Erika: y-a-t-il un pilote à Donges?
“L’usine à retraiter les déchets de la marée noire dans l’estuaire de la Loire” qui fait rêver en Aquitaine est en crise. Tout compris, déchets ramassés sur le littoral, équipements et terres polluées des sites de stockage, 300.000 t sont à éliminer. Les retards s’entassent avec les camouflets et les tâtonnements techniques.
Le bilan matière tel qu’il a été présenté à la Commission Locale d’Information et de Surveillance du 13 janvier 2003 est surprenant. Au 31 décembre 2002, moins d’un tiers des déchets – 81.565 t – avaient été “lavés” avec 15.309 t de gazole lourd, 24.907 t d’eau, et 4.912 t de chaux. En sortie d’installation, on comptabilise: 45.368 t d’eau, 10.618 t d’émulsions, 1.635 t de macro-déchets, 27 t de ferrailles, et une surprise de taille: 25.088 t de boues avec une teneur de 10 à 20% en hydrocarbures. Alors que Total s’attendait à employer 17.590 t de gazole lourd pour solubiliser le fuel de l’Erika contenu dans le magma de déchets, plus de 15.000 t ont déjà été utilisées pour moins d’un tiers de déchets traités.
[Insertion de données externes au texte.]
lemma AK_current_iff_L_current_Linf:
  fixes T :: "('a::metric_space \<Rightarrow> real) \<Rightarrow> ('n::finite \<Rightarrow> 'a \<Rightarrow> real) \<Rightarrow> real"
  assumes "multilinear_D T"
  shows "AK_current T \<longleftrightarrow> L_current Linf T"
proof (cases "locality_D T")
  case True
  show ?thesis
    unfolding AK_current_def L_current_def bounded_Linf_iff_bounded_lipconst
      L_mass_bound_Linf_eq_AK_mass_bound[OF assms True] ..
qed (simp add: AK_current_def L_current_def)

theorem proposition1p2:
  fixes T :: "('a::complete_space \<Rightarrow> real) \<Rightarrow> ('n::finite \<Rightarrow> 'a \<Rightarrow> real) \<Rightarrow> real"
  assumes "multilinear_D T"
  shows "(AK_current T \<longleftrightarrow> L_current Linf T) \<and>
         (AK_current T \<longrightarrow> (\<forall>\<mu>. AK_mass T \<mu> \<longleftrightarrow> L_mass Linf T \<mu>))"
proof (intro conjI impI allI)
  show "AK_current T \<longleftrightarrow> L_current Linf T"
    using assms by (rule AK_current_iff_L_current_Linf)
  fix \<mu>
  assume "AK_current T"
  then have "locality_D T"
    unfolding AK_current_def by blast
  then show "AK_mass T \<mu> \<longleftrightarrow> L_mass Linf T \<mu>"
    using assms by (simp add: AK_mass_def L_mass_def L_mass_bound_Linf_eq_AK_mass_bound)
qed

end
lemma vnorm_isometry:
  assumes A: "A \<in> carrier_mat m p" and AA: "mat_adjoint A * A = 1\<^sub>m p" and x: "x \<in> carrier_vec p"
  shows "vnorm (A *\<^sub>v x) = vnorm x"
proof -
  have "(vnorm (A *\<^sub>v x))\<^sup>2 = (vnorm x)\<^sup>2"
    using cinner_isometry[OF A AA x x] unfolding cinner_self of_real_eq_iff .
  then show ?thesis using vnorm_nonneg by (meson power2_eq_iff_nonneg)
qed

section \<open>Column ranges\<close>

definition mat_range :: "'a :: field mat \<Rightarrow> 'a vec set" where
  "mat_range A = {A *\<^sub>v h | h. h \<in> carrier_vec (dim_col A)}"

lemma mat_rangeI: "h \<in> carrier_vec (dim_col A) \<Longrightarrow> x = A *\<^sub>v h \<Longrightarrow> x \<in> mat_range A"
  unfolding mat_range_def by auto

lemma mat_rangeE:
  "x \<in> mat_range A \<Longrightarrow> (\<And>h. h \<in> carrier_vec (dim_col A) \<Longrightarrow> x = A *\<^sub>v h \<Longrightarrow> P) \<Longrightarrow> P"
  unfolding mat_range_def by auto

lemma mat_range_carrier: "A \<in> carrier_mat nr m \<Longrightarrow> x \<in> mat_range A \<Longrightarrow> x \<in> carrier_vec nr"
  by (auto elim!: mat_rangeE)

lemma zero_mem_mat_range: "A \<in> carrier_mat nr m \<Longrightarrow> 0\<^sub>v nr \<in> mat_range A"
  by (rule mat_rangeI[of "0\<^sub>v m"]) (auto intro!: eq_vecI)

lemma col_mem_mat_range: "A \<in> carrier_mat nr m \<Longrightarrow> j < m \<Longrightarrow> col A j \<in> mat_range A"
  by (rule mat_rangeI[of "unit_vec m j"]) (auto intro!: eq_vecI)

lemma add_mem_mat_range:
  assumes A: "A \<in> carrier_mat nr m" and "x \<in> mat_range A" "y \<in> mat_range A"
  shows "x + y \<in> mat_range A"
proof -
  obtain g h where "g \<in> carrier_vec m" "x = A *\<^sub>v g" "h \<in> carrier_vec m" "y = A *\<^sub>v h"
    using assms by (auto elim!: mat_rangeE)
  then show ?thesis
    using A by (intro mat_rangeI[of "g + h"]) (auto simp: mult_add_distrib_mat_vec[OF A])
qed

lemma smult_mem_mat_range:
  assumes A: "A \<in> carrier_mat nr m" and "x \<in> mat_range A"
  shows "c \<cdot>\<^sub>v x \<in> mat_range A"
proof -
  obtain g where "g \<in> carrier_vec m" "x = A *\<^sub>v g"
    using assms by (auto elim!: mat_rangeE)
  then show ?thesis using A by (intro mat_rangeI[of "c \<cdot>\<^sub>v g"]) (auto simp: mult_mat_vec[OF A])
qed

lemma minus_mem_mat_range:
  assumes A: "A \<in> carrier_mat nr m" and x: "x \<in> mat_range A" and y: "y \<in> mat_range A"
  shows "x - y \<in> mat_range A"
proof -
  have "x - y = x + (- 1) \<cdot>\<^sub>v y"
    using mat_range_carrier[OF A x] mat_range_carrier[OF A y] by (auto intro!: eq_vecI)
  then show ?thesis using add_mem_mat_range[OF A x smult_mem_mat_range[OF A y]] by simp
qed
Quant aux sables et granulats qui devaient être valorisés sur des chantiers grâce à l’appartenance de l’opérateur sélectionné par Total à “un grand groupe de travaux publics susceptible d’offrir des débouchés “, ils trouvent difficilement preneurs. Sans doute les teneurs résiduelles en hydrocarbures autorisées jusqu’à 2,5 g par kilo dissuadent-elles les maîtres-d’oeuvres. Seules 6737 t ont été utilisées, en interne et sur 6 chantiers en Loire-Atlantique.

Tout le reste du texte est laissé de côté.